Laser line scanning thermography for surface breaking crack detection : modeling and experimental study

Abstract

Crack detection in metallic samples at high surface temperature, hostile and hazardous environments, etc. is a challenging situation in any manufacturing industries. Most of the present NDE methods are suitable only for lower surface temperatures, especially at room temperature. In this situation, we need a fast and non-contact NDT method which can be applied even in high sample surface temperature. Laser thermography is one of the techniques having a high potential in non-contact inspection. As a preliminary investigation, in this article, we have studied the potentiality of laser line thermography in crack detection at room temperature. In laser line thermography, a continuous wave (CW) laser is used to generate a laser line, which in turn is used to scan the metal surface.
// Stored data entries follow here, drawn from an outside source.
(* Let $0<\varepsilon<1$ and $C\ge1$. Let $V_1,\dots,V_5$ be probability spaces, with indices taken mod $5$. For each $i$, let $f_{i,i+1},g_{i,i+1}\colon V_i\times V_{i+1}\to[0,\infty)$ be measurable with $0\le g_{i,i+1}\le1$ pointwise and $\|f_{i,i+1}-g_{i,i+1}\|_\square\le\varepsilon^4$, and suppose that for each $i$, $$\|f_{i-1,i}\circ f_{i,i+1}\|_2^2\le C.$$ Then $$\mathbb E_{x_1,\dots,x_5}\prod_{i=1}^5 f_{i,i+1}(x_i,x_{i+1})\ \ge\ \mathbb E_{x_1,\dots,x_5}\prod_{i=1}^5 g_{i,i+1}(x_i,x_{i+1})-11C\varepsilon.$$
   Context: Here $x_i$ ranges over $V_i$ independently according to its probability measure. The convention $f_{ji}(x_j,x_i)=f_{ij}(x_i,x_j)$ (and likewise for $g$) is used, so e.g. $f_{i-1,i}$ is regarded as a function on $V_{i-1}\times V_i$. For $h_{12}\colon V_1\times V_2\to\mathbb R$ and $h_{23}\colon V_2\times V_3\to\mathbb R$, the composition $h_{12}\circ h_{23}\colon V_1\times V_3\to\mathbb R$ is $(h_{12}\circ h_{23})(x_1,x_3)=\mathbb E_{x_2\in V_2}h_{12}(x_1,x_2)h_{23}(x_2,x_3)$; $\|\cdot\|_2$ is the $L^2$ norm on $V_{i-1}\times V_{i+1}$ with the product probability measure. The cut norm of $h\colon V\times W\to\mathbb R$ is $\|h\|_\square=\sup_{A\subseteq V,B\subseteq W}|\mathbb E_{x\in V,y\in W}h(x,y)1_A(x)1_B(y)|$ over measurable $A,B$. *)

theory Defs
  imports "HOL-Probability.Probability"
begin

definition rect_integral ::
  "'a measure \<Rightarrow> 'b measure \<Rightarrow> ('a \<Rightarrow> 'b \<Rightarrow> real) \<Rightarrow> 'a set \<Rightarrow> 'b set \<Rightarrow> ereal" where
  "rect_integral M N h A B =
     enn2ereal (\<integral>\<^sup>+ z. ennreal (h (fst z) (snd z) * indicator A (fst z) * indicator B (snd z)) \<partial>(M \<Otimes>\<^sub>M N))
   - enn2ereal (\<integral>\<^sup>+ z. ennreal (- (h (fst z) (snd z) * indicator A (fst z) * indicator B (snd z))) \<partial>(M \<Otimes>\<^sub>M N))"

definition cut_norm ::
  "'a measure \<Rightarrow> 'b measure \<Rightarrow> ('a \<Rightarrow> 'b \<Rightarrow> real) \<Rightarrow> ereal" where
  "cut_norm M N h = (SUP AB \<in> sets M \<times> sets N. \<bar>rect_integral M N h (fst AB) (snd AB)\<bar>)"
text \<open>A common root of \<open>f\<close> and \<open>u\<close> would be a double root of \<open>x\<^sup>m - 1\<close>, hence a nonzero root
  of its derivative \<open>m x\<^sup>m\<^sup>-\<^sup>1\<close>, which is impossible as \<open>m \<noteq> 0\<close> in the field.\<close>

lemma xm1_factors_no_common_root:
  assumes fu: "f * u = xm1 m" and char: "(of_nat m :: 'a) \<noteq> 0"
  shows "ev \<phi> f z \<noteq> 0 \<or> ev \<phi> u z \<noteq> 0"
proof (rule ccontr)
  assume "\<not> ?thesis"
  then have f: "ev \<phi> f z = 0" and u: "ev \<phi> u z = 0" by auto
  have "z ^ m - 1 = ev \<phi> (f * u) z" by (simp only: fu ev_xm1)
  then have "z ^ m = 1" using f by (simp add: ev_mult)
  moreover have "m \<noteq> 0" using char by (metis of_nat_0)
  ultimately have "z \<noteq> 0" by (auto simp: power_0_left)
  have "pderiv (f * u) = monom (of_nat m) (m - 1)"
    by (simp add: fu xm1_def pderiv_diff pderiv_monom)
  then have "\<phi> (of_nat m) * z ^ (m - 1) = ev \<phi> (pderiv (f * u)) z"
    by (simp only: ev_monom)
  also have "\<dots> = 0"
    using f u by (simp add: pderiv_mult ev_add ev_mult)
  finally show False
    using char \<open>z \<noteq> 0\<close> by simp
qed

lemma ev_xm1_factor_eq_0_iff:
  assumes "f * u = xm1 m" and "(of_nat m :: 'a) \<noteq> 0" and "z ^ m = 1"
  shows "ev \<phi> f z = 0 \<longleftrightarrow> ev \<phi> u z \<noteq> 0"
  using xm1_factors_no_common_root[OF assms(1,2), of z] assms(3) ev_xm1[of m z]
  by (auto simp flip: assms(1) simp: ev_mult)

end

lemma ev_gcd_eq_0_iff:
  fixes p q :: "'a::field_gcd poly"
  assumes emb: "field_embedding \<phi>"
  shows "ev \<phi> (gcd p q) z = 0 \<longleftrightarrow> ev \<phi> p z = 0 \<and> ev \<phi> q z = 0"
proof
  assume "ev \<phi> (gcd p q) z = 0"
  then show "ev \<phi> p z = 0 \<and> ev \<phi> q z = 0"
    by (meson emb ev_eq_0_if_dvd gcd_dvd1 gcd_dvd2)
next
  assume "ev \<phi> p z = 0 \<and> ev \<phi> q z = 0"
  moreover have "gcd p q = fst (bezout_coefficients p q) * p + snd (bezout_coefficients p q) * q"
    by (simp add: bezout_coefficients_fst_snd)
  ultimately show "ev \<phi> (gcd p q) z = 0"
    by (metis emb ev_add ev_mult mult_zero_right add_0)
qed

lemma ev_lcm_eq_0_iff:
  fixes p q :: "'a::field_gcd poly"
  assumes emb: "field_embedding \<phi>"
  shows "ev \<phi> (lcm p q) z = 0 \<longleftrightarrow> ev \<phi> p z = 0 \<or> ev \<phi> q z = 0"
proof
  assume "ev \<phi> (lcm p q) z = 0"
  moreover have "lcm p q dvd p * q" by (rule lcm_least) simp_all
  ultimately have "ev \<phi> (p * q) z = 0" using ev_eq_0_if_dvd[OF emb] by blast
  then show "ev \<phi> p z = 0 \<or> ev \<phi> q z = 0" by (simp add: ev_mult[OF emb])
next
  assume "ev \<phi> p z = 0 \<or> ev \<phi> q z = 0"
  then show "ev \<phi> (lcm p q) z = 0" by (meson emb ev_eq_0_if_dvd dvd_lcm1 dvd_lcm2)
qed

lemma gcd_eq_1_no_common_root:
  fixes p q :: "'a::field_gcd poly"
  assumes "field_embedding \<phi>" and "gcd p q = 1"
  shows "ev \<phi> p z \<noteq> 0 \<or> ev \<phi> q z \<noteq> 0"
  using ev_gcd_eq_0_iff[OF assms(1), of p q z] assms by (simp add: ev_1)

lemma of_nat_card_eq_0: "(of_nat (card (UNIV :: 'a::{finite,field} set)) :: 'a) = 0"
proof -
  have "(\<Sum>x\<in>UNIV. x + 1) = (\<Sum>x\<in>(UNIV::'a set). x)"
    by (rule sum.reindex_bij_witness[of _ "\<lambda>x. x - 1" "\<lambda>x. x + 1"]) auto
  then show ?thesis by (simp add: sum.distrib)
qed

lemma of_nat_neq_0_if_coprime_card:
  assumes "coprime (card (UNIV :: 'a::{finite,field} set)) m"
  shows "(of_nat m :: 'a) \<noteq> 0"
proof
  assume m0: "(of_nat m :: 'a) = 0"
  have "gcd (int (card (UNIV :: 'a set))) (int m) = 1"
    using assms by (simp flip: coprime_iff_gcd_eq_1)
  then obtain s t where "s * int (card (UNIV :: 'a set)) + t * int m = 1"
    using bezout_int by metis
  then have "(of_int (s * int (card (UNIV :: 'a set)) + t * int m) :: 'a) = 1" by simp
  then show False using m0 of_nat_card_eq_0[where 'a='a] by simp
qed

lemma xm1_neq_0: "(of_nat m :: 'a::field) \<noteq> 0 \<Longrightarrow> xm1 m \<noteq> (0 :: 'a poly)"
  by (cases m) (auto simp: xm1_def poly_eq_iff)

lemma degree_le_if_dvd_xm1:
  assumes "p dvd xm1 m" and "(of_nat m :: 'a) \<noteq> 0"
  shows "degree (p :: 'a::field poly) \<le> m"
proof -
  have "xm1 m \<noteq> (0 :: 'a poly)" using assms(2) by (rule xm1_neq_0)
  moreover have "degree (xm1 m :: 'a poly) \<le> m"
    unfolding xm1_def by (rule order.trans[OF degree_diff_le]) (auto simp: degree_monom_le)
  ultimately show ?thesis by (metis assms(1) dvd_imp_degree_le order.trans)
qed

lemma span2_inter_edual_eq_zero:
  fixes a b c a' b' c' :: "'b::field"
  assumes K: "0 \<in> K" "1 \<in> K"
    and cond: "(a = 0 \<and> b = 0 \<and> c = 0) \<or> (a' \<noteq> 0 \<and> c' \<noteq> 0) \<or> (a = 0 \<and> (b' \<noteq> 0 \<or> c' \<noteq> 0))
               \<or> (c = 0 \<and> ((b \<noteq> 0 \<and> c' \<noteq> 0) \<or> a * a' + b * b' \<noteq> 0))"
  shows "span2 K (a, b) (0, c) \<inter> edual K (span2 K (a', b') (0, c')) = {(0, 0)}"
proof -
  have gens: "(a', b') \<in> span2 K (a', b') (0, c')" "(0, c') \<in> span2 K (a', b') (0, c')"
    unfolding span2_def using K by force+
  have "x = (0, 0)" if x1: "x \<in> span2 K (a, b) (0, c)" and x2: "x \<in> edual K (span2 K (a', b') (0, c'))" for x
  proof -
    obtain s t where x: "x = (s * a, s * b + t * c)" using x1 by (auto simp: span2_def)
    have o1: "a' * (s * a) + b' * (s * b + t * c) = 0" and o2: "c' * (s * b + t * c) = 0"
      using x2 gens by (auto simp: edual_def x)
    from cond show ?thesis
    proof (elim disjE conjE)
      assume "c = 0" "a * a' + b * b' \<noteq> 0"
      moreover have "s * (a * a' + b * b') = 0" using o1 \<open>c = 0\<close> by (simp add: algebra_simps)
      ultimately show ?thesis using x by simp
    qed (use x o1 o2 in auto)
  qed
  moreover have "(0, 0) \<in> span2 K (a, b) (0, c)" unfolding span2_def using K by force
  moreover have "(0, 0) \<in> edual K (span2 K (a', b') (0, c'))" using K by (simp add: edual_def)
  ultimately show ?thesis by blast
qed

locale qc_generators =
  fixes \<phi> :: "'a::field_gcd \<Rightarrow> 'b::field" and m :: nat and g11 g12 g22 :: "'a poly"
  assumes emb: "field_embedding \<phi>"
    and char: "(of_nat m :: 'a) \<noteq> 0"
    and d11: "g11 dvd xm1 m" and d22: "g22 dvd xm1 m"
    and deg12: "g12 = 0 \<or> degree g12 < degree g22"
    and dprod: "g11 * g22 dvd xm1 m * g12"
    and I: "self_reciprocal (gcd g11 g22)"
    and II: "self_reciprocal (xm1 m div lcm g11 g22)"
    and III: "gcd (g22 div gcd g11 g22 div gcd (g22 div gcd g11 g22) (recip (g22 div gcd g11 g22))) g12 = 1"
    and IV: "gcd (gcd (g22 div gcd g11 g22) (recip (g22 div gcd g11 g22)))
               (g11 * bar m g11 + g12 * bar m g12) = 1"
begin

abbreviation "g \<equiv> gcd g11 g22"
abbreviation "l \<equiv> xm1 m div lcm g11 g22"
abbreviation "g22' \<equiv> g22 div g"
abbreviation "r22 \<equiv> gcd g22' (recip g22')"
abbreviation "t22 \<equiv> g22' div r22"

lemma degree_generators_le: "degree g11 \<le> m" "degree g12 \<le> m" "degree g22 \<le> m"
  using degree_le_if_dvd_xm1[OF d11 char] degree_le_if_dvd_xm1[OF d22 char] deg12 by auto

lemma root_of_unity_neq_0: "(z :: 'b) ^ m = 1 \<Longrightarrow> z \<noteq> 0"
  using char by (auto simp: power_0_left split: if_splits)

lemma g_root_iff: "ev \<phi> g z = 0 \<longleftrightarrow> ev \<phi> g11 z = 0 \<and> ev \<phi> g22 z = 0"
  by (rule ev_gcd_eq_0_iff[OF emb])

text \<open>At a common root of \<open>g\<^sub>1\<^sub>1\<close> and \<open>g\<^sub>2\<^sub>2\<close> the cofactor \<open>(x\<^sup>m - 1)/g\<^sub>1\<^sub>1\<close> does not vanish,
  and it times \<open>g\<^sub>1\<^sub>2\<close> is a multiple of \<open>g\<^sub>2\<^sub>2\<close>.\<close>

lemma g12_root_if_g_root:
  assumes "ev \<phi> g11 z = 0" and "ev \<phi> g22 z = 0"
  shows "ev \<phi> g12 z = 0"
proof -
  obtain u where u: "g11 * u = xm1 m" using d11 by (metis dvd_def)
  have "g11 \<noteq> 0" using u xm1_neq_0[OF char] by auto
  then have "g22 dvd u * g12"
    using dprod by (simp flip: u add: mult.assoc mult.left_commute[of g11])
  then have "ev \<phi> (u * g12) z = 0" using ev_eq_0_if_dvd[OF emb] assms(2) by blast
  moreover have "ev \<phi> u z \<noteq> 0" using xm1_factors_no_common_root[OF emb u char] assms(1) by blast
  ultimately show ?thesis by (simp add: ev_mult[OF emb])
qed

lemma lcm_root_iff_not_l_root:
  assumes "z ^ m = 1"
  shows "ev \<phi> (lcm g11 g22) z = 0 \<longleftrightarrow> ev \<phi> l z \<noteq> 0"
  by (rule ev_xm1_factor_eq_0_iff[OF emb _ char assms])
    (simp add: dvd_mult_div_cancel lcm_least d11 d22)

lemma lcm_root_inverse_iff:
  assumes "z ^ m = 1"
  shows "ev \<phi> (lcm g11 g22) (inverse z) = 0 \<longleftrightarrow> ev \<phi> (lcm g11 g22) z = 0"
proof -
  have "inverse z ^ m = 1" using assms by (simp add: power_inverse)
  then show ?thesis
    using lcm_root_iff_not_l_root assms self_reciprocal_root_iff[OF emb II root_of_unity_neq_0[OF assms]]
    by blast
qed

lemma generator_root_inverse_iff:
  assumes "z ^ m = 1"
  shows "(ev \<phi> g11 (inverse z) = 0 \<or> ev \<phi> g22 (inverse z) = 0) \<longleftrightarrow> (ev \<phi> g11 z = 0 \<or> ev \<phi> g22 z = 0)"
    and "(ev \<phi> g11 (inverse z) = 0 \<and> ev \<phi> g22 (inverse z) = 0) \<longleftrightarrow> (ev \<phi> g11 z = 0 \<and> ev \<phi> g22 z = 0)"
  using lcm_root_inverse_iff[OF assms] ev_lcm_eq_0_iff[OF emb]
    self_reciprocal_root_iff[OF emb I root_of_unity_neq_0[OF assms]] g_root_iff
  by simp_all

lemma g22'_root_iff:
  assumes "ev \<phi> g11 z \<noteq> 0"
  shows "ev \<phi> g22' z = 0 \<longleftrightarrow> ev \<phi> g22 z = 0"
proof -
  have "g22 = g * g22'" by simp
  then show ?thesis using assms g_root_iff by (metis ev_mult[OF emb] mult_eq_0_iff)
qed

lemma r22_root_iff:
  assumes "z ^ m = 1"
  shows "ev \<phi> r22 z = 0 \<longleftrightarrow> ev \<phi> g22' z = 0 \<and> ev \<phi> g22' (inverse z) = 0"
  using ev_gcd_eq_0_iff[OF emb] ev_recip_eq_0_iff[OF emb root_of_unity_neq_0[OF assms]] by simp

lemma g12_nonroot_if_g22_root_not_inverse:
  assumes w: "w ^ m = 1" and "ev \<phi> g22 w = 0" and "ev \<phi> g11 w \<noteq> 0" and "ev \<phi> g22 (inverse w) \<noteq> 0"
  shows "ev \<phi> g12 w \<noteq> 0"
proof -
  have "ev \<phi> g22' w = 0" using assms g22'_root_iff by blast
  moreover have "ev \<phi> g22' (inverse w) \<noteq> 0"
    using assms(4) ev_eq_0_if_dvd[OF emb, of g22' g22] by (metis dvd_div_mult_self gcd_dvd2 dvd_triv_left)
  ultimately have "ev \<phi> t22 w = 0"
    using r22_root_iff[OF w] ev_mult[OF emb, of r22 t22 w] by (simp add: dvd_mult_div_cancel)
  then show ?thesis using gcd_eq_1_no_common_root[OF emb III] by blast
qed
(* For every integer $k\ge 0$, $M_{2k+1} < (1.45)^{k+1}$.
   Context: Fix integers $p,q\ge1$. A labeled binary tree is a rooted, ordered, full binary tree (every internal node has exactly two children) whose internal nodes are labeled "+" or "*" and whose leaves are labeled by pairs $(i,j)\in\{1,\dots,q\}\times\{1,\dots,p\}$. $\mathcal{F}_{2k+1}$ is the set of such trees with at most $2k+1$ nodes. For a tree $f$, the integer $M_f$ is defined recursively: - $M_f=1$ if $f$ is a single leaf; - $M_f=M_{f_L}+M_{f_R}$ if the root of $f$ is "+", where $f_L,f_R$ are its left and right subtrees; - $M_f=M_{f_L}\cdot M_{f_R}$ if the root of $f$ is "*". Equivalently, $M_f$ is the length of the expansion vectors $\bm{v},\bm{u}$ with $h(\bm{x};f,\bm{w})=\langle\bm{v},\bm{u}\rangle$, obtained by concatenation at "+" nodes and by all pairwise products at "*" nodes. Finally, $M_{2k+1}=\max_{f\in\mathcal{F}_{2k+1}} M_f$. *)

theory Defs
  imports Complex_Main
begin

datatype ltree = Leaf "nat \<times> nat" | Plus ltree ltree | Times ltree ltree

fun wf_labels :: "nat \<Rightarrow> nat \<Rightarrow> ltree \<Rightarrow> bool" where
  "wf_labels p q (Leaf (i, j)) = (i \<in> {1..q} \<and> j \<in> {1..p})"
| "wf_labels p q (Plus l r) = (wf_labels p q l \<and> wf_labels p q r)"
| "wf_labels p q (Times l r) = (wf_labels p q l \<and> wf_labels p q r)"

fun nodes :: "ltree \<Rightarrow> nat" where
  "nodes (Leaf _) = 1"
| "nodes (Plus l r) = nodes l + nodes r + 1"
| "nodes (Times l r) = nodes l + nodes r + 1"

fun M :: "ltree \<Rightarrow> nat" where
  "M (Leaf _) = 1"
| "M (Plus l r) = M l + M r"
| "M (Times l r) = M l * M r"

definition F :: "nat \<Rightarrow> nat \<Rightarrow> nat \<Rightarrow> ltree set" where
  "F p q n = {f. wf_labels p q f \<and> nodes f \<le> n}"

definition Mmax :: "nat \<Rightarrow> nat \<Rightarrow> nat \<Rightarrow> nat" where
  "Mmax p q n = Max (M ` F p q n)"

end

theory Submission
  imports Defs
begin

text \<open>A tree with \<open>n\<close> leaves has \<open>2n - 1\<close> nodes, so trees in \<open>F\<^sub>2\<^sub>k\<^sub>+\<^sub>1\<close> have at most
  \<open>k + 1\<close> leaves. By induction on the tree, \<open>M\<^sub>f\<^sup>3 \<le> 3\<^sup>n\<close> for a tree with \<open>n\<close> leaves:
  at a product node the bounds multiply, and at a sum node \<open>a + b \<le> a b\<close> unless one summand
  is \<open>1\<close>, in which case \<open>(b + 1)\<^sup>3 \<le> 3 b\<^sup>3\<close> for \<open>b \<ge> 3\<close> and small \<open>b\<close> are checked by hand.
  Finally \<open>3 < 1.45\<^sup>3 = 3.048625\<close>.\<close>

fun leaves :: "ltree \<Rightarrow> nat" where
  "leaves (Leaf _) = 1"
| "leaves (Plus l r) = leaves l + leaves r"
| "leaves (Times l r) = leaves l + leaves r"

lemma nodes_eq_leaves: "nodes f + 1 = 2 * leaves f"
  by (induction f) auto

lemma leaves_pos: "1 \<le> leaves f"
  by (induction f) auto

lemma M_pos: "1 \<le> M f"
  by (induction f) auto

lemma Suc_cube_le_pow3:
  fixes b y :: nat
  assumes "1 \<le> y" and "b ^ 3 \<le> 3 ^ y"
  shows "(b + 1) ^ 3 \<le> 3 ^ Suc y"
proof -
  consider "b \<le> 1" | "b = 2" | "3 \<le> b" by linarith
  then show ?thesis
  proof cases
    case 1
    have "(b + 1) ^ 3 \<le> (2::nat) ^ 3" using 1 by (intro power_mono) auto
    also have "\<dots> \<le> 3 ^ Suc 1" by simp
    also have "\<dots> \<le> 3 ^ Suc y" using assms(1) by (intro power_increasing) auto
    finally show ?thesis .
  next
    case 2
    then have "(3::nat) ^ 1 < 3 ^ y" using assms(2) by simp
    then have "2 \<le> y" using power_less_imp_less_exp[of "3::nat" 1 y] by simp
    then have "(3::nat) ^ Suc 2 \<le> 3 ^ Suc y" by (intro power_increasing) auto
    then show ?thesis using 2 by simp
  next
    case 3
    then obtain c where "b = c + 3" using le_Suc_ex by (metis add.commute)
    then have "(b + 1) ^ 3 \<le> 3 * b ^ 3" by (simp add: power3_eq_cube algebra_simps)
    also have "\<dots> \<le> 3 ^ Suc y" using assms(2) by simp
    finally show ?thesis .
  qed
qed

lemma add_cube_le_pow3:
  fixes a b x y :: nat
  assumes "1 \<le> a" "1 \<le> b" "1 \<le> x" "1 \<le> y"
    and a: "a ^ 3 \<le> 3 ^ x" and b: "b ^ 3 \<le> 3 ^ y"
  shows "(a + b) ^ 3 \<le> 3 ^ (x + y)"
proof -
  consider "a = 1" | "b = 1" | "2 \<le> a" "2 \<le> b" using assms(1,2) by linarith
  then show ?thesis
  proof cases
    case 1
    have "(a + b) ^ 3 = (b + 1) ^ 3" using 1 by simp
    also have "\<dots> \<le> 3 ^ Suc y" by (rule Suc_cube_le_pow3[OF \<open>1 \<le> y\<close> b])
    also have "\<dots> \<le> 3 ^ (x + y)" using \<open>1 \<le> x\<close> by (intro power_increasing) simp_all
    finally show ?thesis .
  next
    case 2
    have "(a + b) ^ 3 = (a + 1) ^ 3" using 2 by simp
    also have "\<dots> \<le> 3 ^ Suc x" by (rule Suc_cube_le_pow3[OF \<open>1 \<le> x\<close> a])
    also have "\<dots> \<le> 3 ^ (x + y)" using \<open>1 \<le> y\<close> by (intro power_increasing) simp_all
    finally show ?thesis .
  next
    case 3
    then obtain c d where "a = c + 2" "b = d + 2" by (metis le_add_diff_inverse2)
    then have "a + b \<le> a * b" by (simp add: algebra_simps)
    then have "(a + b) ^ 3 \<le> (a * b) ^ 3" by (rule power_mono) simp
    also have "\<dots> \<le> 3 ^ x * 3 ^ y" unfolding power_mult_distrib using a b by (rule mult_le_mono)
    finally show ?thesis by (simp add: power_add)
  qed
qed

lemma M_cube_le_pow3_leaves: "M f ^ 3 \<le> 3 ^ leaves f"
proof (induction f)
  case (Plus l r)
  then show ?case using add_cube_le_pow3[OF M_pos M_pos leaves_pos leaves_pos] by simp
next
  case (Times l r)
  then show ?case by (simp add: power_mult_distrib power_add mult_le_mono)
qed simp

lemma M_cube_le_of_nodes:
  assumes "nodes f \<le> 2 * k + 1"
  shows "M f ^ 3 \<le> 3 ^ (k + 1)"
proof -
  have "leaves f \<le> k + 1" using nodes_eq_leaves[of f] assms by linarith
  then have "(3::nat) ^ leaves f \<le> 3 ^ (k + 1)" by (intro power_increasing) auto
  then show ?thesis using M_cube_le_pow3_leaves[of f] by linarith
qed

lemma Mmax_cube_le:
  assumes "1 \<le> p" "1 \<le> q"
  shows "Mmax p q (2 * k + 1) ^ 3 \<le> 3 ^ (k + 1)"
proof -
  let ?S = "M ` F p q (2 * k + 1)"
  have bound: "m ^ 3 \<le> 3 ^ (k + 1)" if "m \<in> ?S" for m
    using that M_cube_le_of_nodes by (auto simp: F_def)
  have "m \<le> m ^ 3" for m :: nat by (cases m) (auto simp: power3_eq_cube)
  then have "?S \<subseteq> {..3 ^ (k + 1)}" using bound by (meson atMost_iff le_trans subsetI)
  then have "finite ?S" by (rule finite_subset) simp
  moreover have "Leaf (1, 1) \<in> F p q (2 * k + 1)" using assms by (simp add: F_def)
  ultimately have "Mmax p q (2 * k + 1) \<in> ?S" unfolding Mmax_def by (intro Max_in) auto
  then show ?thesis by (rule bound)
qed

lemma less_pow_of_cube_le_pow3:
  fixes m n :: nat
  assumes "1 \<le> n" and "m ^ 3 \<le> 3 ^ n"
  shows "real m < 1.45 ^ n"
proof -
  have "real m ^ 3 \<le> 3 ^ n" using assms(2) by (metis of_nat_le_iff of_nat_numeral of_nat_power)
  also have "(3::real) ^ n < (1.45 ^ 3) ^ n" using assms(1) by (intro power_strict_mono) (auto simp: power3_eq_cube)
  also have "\<dots> = (1.45 ^ n) ^ 3" by (metis power_mult mult.commute)
  finally show ?thesis by (rule power_less_imp_less_base) simp
qed

theorem lemma3:
  fixes p q k :: nat
  assumes "p \<ge> 1" and "q \<ge> 1"
  shows "real (Mmax p q (2 * k + 1)) < (1.45::real) ^ (k + 1)"
  using less_pow_of_cube_le_pow3[OF _ Mmax_cube_le[OF assms]] by simp

end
The heat distribution over the sample surface is recorded by an infrared thermal (IR) camera. Two different approaches are reported in this work. Firstly, a stationary laser line source and its interaction with cracks; secondly, moving laser line source scanning over a surface with crack. When the distance between crack centre to laser line centre increases, crack detectability will decrease; and when laser power increases, crack detectability will increase. A dedicated image processing algorithm was developed to improve the detectability of the cracks. To understand the heat transfer phenomenon, a simplified 3D model for laser thermography was developed for the heat distribution during laser heating and was validated with experimental results. Defects were incorporated as a thermally thin resistive layer (TTRL) in numerical modeling, and the effect of TTRL in heat conduction is compared with experimental results.